▸ **DATASET EXTRACT**:
********************

lemma hausdorff_measure_divergence_set_eq_0:
  fixes \<psi> :: "nat \<Rightarrow> 'd::finite fn"
  assumes f: "besov s p \<phi> \<psi> f" and p: "1 \<le> p" and s: "0 \<le> s"
    and decay: "\<And>i. i \<in> {1..2^CARD('d) - 1} \<Longrightarrow> fast_decay (\<psi> i)"
    and t: "0 < t" "real CARD('d) - s * p < t"
  shows "hausdorff_measure t {x. \<not> convergent (\<lambda>j. Pop \<phi> \<psi> f j x)} = 0"
proof -
  let ?I = "{1..2^CARD('d) - 1} :: nat set"
  let ?D = "real CARD('d)"
  obtain M where "0 \<le> M" "\<And>i j k. i \<in> ?I \<Longrightarrow> cmod (coefc (\<psi> i) f j k) \<le> M * 2 powr (?D * real j)"
    and fin_large: "\<And>i j \<epsilon>. i \<in> ?I \<Longrightarrow> finite (large_coeffs (\<psi> i) f \<epsilon> j)"
    and card: "\<And>i j \<epsilon>. i \<in> ?I \<Longrightarrow>
       real (card (large_coeffs (\<psi> i) f \<epsilon> j)) \<le> M powr p * 2 powr ((?D - s * p + \<epsilon> * p) * real j)"
    using besov_coefficient_bounds[OF f p s] by blast
  define g where "g = t - (?D - s * p)"
  define \<epsilon> where "\<epsilon> = g / (4 * p)"
  define \<eta> where "\<eta> = min (g / (4 * t)) (1/2)"
  have g: "0 < g" unfolding g_def using t by simp
  have \<epsilon>: "0 < \<epsilon>" "\<epsilon> * p = g / 4" unfolding \<epsilon>_def using g p by simp_all
  have \<eta>: "0 < \<eta>" "\<eta> < 1" "t * \<eta> \<le> g / 4"
    unfolding \<eta>_def using g t by (auto simp: min_def field_simps)
  \<comment> \<open>the ratio of the geometric series bounding the t-content of the level-j balls is 2 powr X\<close>
  define X where "X = ?D - s * p + \<epsilon> * p + t * (\<eta> - 1)"
  have "X < 0" unfolding X_def g_def using \<epsilon> \<eta> g g_def by (simp add: algebra_simps)
  define B where "B j = Sigma ?I (\<lambda>i. large_coeffs (\<psi> i) f \<epsilon> j)" for j
  define center :: "nat \<Rightarrow> nat \<times> (int ^ 'd) \<Rightarrow> real ^ 'd" where "center j b = 2 powr (- real j) *\<^sub>R ivec (snd b)" for j b
  define r where "r j = sqrt ?D * 2 powr ((\<eta> - 1) * real j)" for j
  define K where "K j = real (card ?I) * (M powr p * 2 powr ((?D - s * p + \<epsilon> * p) * real j))" for j
  show ?thesis
  proof (rule hausdorff_measure_limsup_balls_eq_0[where B = B and c = center and r = r and K = K])
    fix x J assume "x \<in> {x. \<not> convergent (\<lambda>j. Pop \<phi> \<psi> f j x)}"
    then obtain j where "j \<ge> J" "x \<in> exceptional_set \<psi> f \<epsilon> \<eta> j"
      using convergent_Pop_if_eventually_off_exceptional[OF f p s \<epsilon>(1) \<eta>(1) decay, of J x] by auto
    then show "\<exists>j\<ge>J. \<exists>b\<in>B j. x \<in> cball (center j b) (r j)"
      unfolding exceptional_set_def B_def center_def r_def by force
  next
    show "finite (B j)" for j unfolding B_def using fin_large by (intro finite_SigmaI) auto
  next
    fix j
    have "real (card (B j)) = (\<Sum>i\<in>?I. real (card (large_coeffs (\<psi> i) f \<epsilon> j)))"
      unfolding B_def using fin_large by simp
    also have "\<dots> \<le> (\<Sum>i\<in>?I. M powr p * 2 powr ((?D - s * p + \<epsilon> * p) * real j))"
      using card by (intro sum_mono) auto
    also have "\<dots> = K j" unfolding K_def by simp
    finally show "real (card (B j)) \<le> K j" .
  next
    show "0 \<le> r j" for j unfolding r_def by simp
  next
    have "(\<lambda>j. sqrt ?D * 2 powr (- (1 - \<eta>) * real j)) \<longlonglongrightarrow> sqrt ?D * 0"
      using \<eta> by (intro tendsto_mult tendsto_const LIMSEQ_two_powr_neg_mult) simp
    then show "r \<longlonglongrightarrow> 0" unfolding r_def by simp
  next
    have geometric: "K j * (2 * r j) powr t = (real (card ?I) * M powr p * (2 * sqrt ?D) powr t) * (2 powr X) ^ j" for j
    proof -
      have "(2 * r j) powr t = (2 * sqrt ?D) powr t * 2 powr (t * (\<eta> - 1) * real j)"
        unfolding r_def by (simp add: powr_mult powr_powr mult_ac)
      moreover have "(2 powr X) ^ j = 2 powr ((?D - s * p + \<epsilon> * p) * real j) * 2 powr (t * (\<eta> - 1) * real j)"
        unfolding X_def by (simp add: powr_realpow[symmetric] powr_powr powr_add[symmetric] algebra_simps)
      ultimately show ?thesis unfolding K_def by (simp add: mult_ac)
    qed
    show "summable (\<lambda>j. K j * (2 * r j) powr t)"
      unfolding geometric using \<open>X < 0\<close> by (intro summable_mult summable_geometric) (simp add: powr_less_one)
  qed (rule t(1))
qed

********************

▸ **EXERCISE INSTRUCTIONS**:
Return the listing above word for word.

▸ **SOLUTION FOR THIS PROBLEM**:
lemma hausdorff_measure_divergence_set_eq_0:
  fixes \<psi> :: "nat \<Rightarrow> 'd::finite fn"
  assumes f: "besov s p \<phi> \<psi> f" and p: "1 \<le> p" and s: "0 \<le> s"
    and decay: "\<And>i. i \<in> {1..2^CARD('d) - 1} \<Longrightarrow> fast_decay (\<psi> i)"
    and t: "0 < t" "real CARD('d) - s * p < t"
  shows "hausdorff_measure t {x. \<not> convergent (\<lambda>j. Pop \<phi> \<psi> f j x)} = 0"
proof -
  let ?I = "{1..2^CARD('d) - 1} :: nat set"
  let ?D = "real CARD('d)"
  obtain M where "0 \<le> M" "\<And>i j k. i \<in> ?I \<Longrightarrow> cmod (coefc (\<psi> i) f j k) \<le> M * 2 powr (?D * real j)"
    and fin_large: "\<And>i j \<epsilon>. i \<in> ?I \<Longrightarrow> finite (large_coeffs (\<psi> i) f \<epsilon> j)"
    and card: "\<And>i j \<epsilon>. i \<in> ?I \<Longrightarrow>
       real (card (large_coeffs (\<psi> i) f \<epsilon> j)) \<le> M powr p * 2 powr ((?D - s * p + \<epsilon> * p) * real j)"
    using besov_coefficient_bounds[OF f p s] by blast
  define g where "g = t - (?D - s * p)"
  define \<epsilon> where "\<epsilon> = g / (4 * p)"
  define \<eta> where "\<eta> = min (g / (4 * t)) (1/2)"
  have g: "0 < g" unfolding g_def using t by simp
  have \<epsilon>: "0 < \<epsilon>" "\<epsilon> * p = g / 4" unfolding \<epsilon>_def using g p by simp_all
  have \<eta>: "0 < \<eta>" "\<eta> < 1" "t * \<eta> \<le> g / 4"
    unfolding \<eta>_def using g t by (auto simp: min_def field_simps)
  \<comment> \<open>the ratio of the geometric series bounding the t-content of the level-j balls is 2 powr X\<close>
  define X where "X = ?D - s * p + \<epsilon> * p + t * (\<eta> - 1)"
  have "X < 0" unfolding X_def g_def using \<epsilon> \<eta> g g_def by (simp add: algebra_simps)
  define B where "B j = Sigma ?I (\<lambda>i. large_coeffs (\<psi> i) f \<epsilon> j)" for j
  define center :: "nat \<Rightarrow> nat \<times> (int ^ 'd) \<Rightarrow> real ^ 'd" where "center j b = 2 powr (- real j) *\<^sub>R ivec (snd b)" for j b
  define r where "r j = sqrt ?D * 2 powr ((\<eta> - 1) * real j)" for j
  define K where "K j = real (card ?I) * (M powr p * 2 powr ((?D - s * p + \<epsilon> * p) * real j))" for j
  show ?thesis
  proof (rule hausdorff_measure_limsup_balls_eq_0[where B = B and c = center and r = r and K = K])
    fix x J assume "x \<in> {x. \<not> convergent (\<lambda>j. Pop \<phi> \<psi> f j x)}"
    then obtain j where "j \<ge> J" "x \<in> exceptional_set \<psi> f \<epsilon> \<eta> j"
      using convergent_Pop_if_eventually_off_exceptional[OF f p s \<epsilon>(1) \<eta>(1) decay, of J x] by auto
    then show "\<exists>j\<ge>J. \<exists>b\<in>B j. x \<in> cball (center j b) (r j)"
      unfolding exceptional_set_def B_def center_def r_def by force
  next
    show "finite (B j)" for j unfolding B_def using fin_large by (intro finite_SigmaI) auto
  next
    fix j
    have "real (card (B j)) = (\<Sum>i\<in>?I. real (card (large_coeffs (\<psi> i) f \<epsilon> j)))"
      unfolding B_def using fin_large by simp
    also have "\<dots> \<le> (\<Sum>i\<in>?I. M powr p * 2 powr ((?D - s * p + \<epsilon> * p) * real j))"
      using card by (intro sum_mono) auto
    also have "\<dots> = K j" unfolding K_def by simp
    finally show "real (card (B j)) \<le> K j" .
  next
    show "0 \<le> r j" for j unfolding r_def by simp
  next
    have "(\<lambda>j. sqrt ?D * 2 powr (- (1 - \<eta>) * real j)) \<longlonglongrightarrow> sqrt ?D * 0"
      using \<eta> by (intro tendsto_mult tendsto_const LIMSEQ_two_powr_neg_mult) simp
    then show "r \<longlonglongrightarrow> 0" unfolding r_def by simp
  next
    have geometric: "K j * (2 * r j) powr t = (real (card ?I) * M powr p * (2 * sqrt ?D) powr t) * (2 powr X) ^ j" for j
    proof -
      have "(2 * r j) powr t = (2 * sqrt ?D) powr t * 2 powr (t * (\<eta> - 1) * real j)"
        unfolding r_def by (simp add: powr_mult powr_powr mult_ac)
      moreover have "(2 powr X) ^ j = 2 powr ((?D - s * p + \<epsilon> * p) * real j) * 2 powr (t * (\<eta> - 1) * real j)"
        unfolding X_def by (simp add: powr_realpow[symmetric] powr_powr powr_add[symmetric] algebra_simps)
      ultimately show ?thesis unfolding K_def by (simp add: mult_ac)
    qed
    show "summable (\<lambda>j. K j * (2 * r j) powr t)"
      unfolding geometric using \<open>X < 0\<close> by (intro summable_mult summable_geometric) (simp add: powr_less_one)
  qed (rule t(1))
qed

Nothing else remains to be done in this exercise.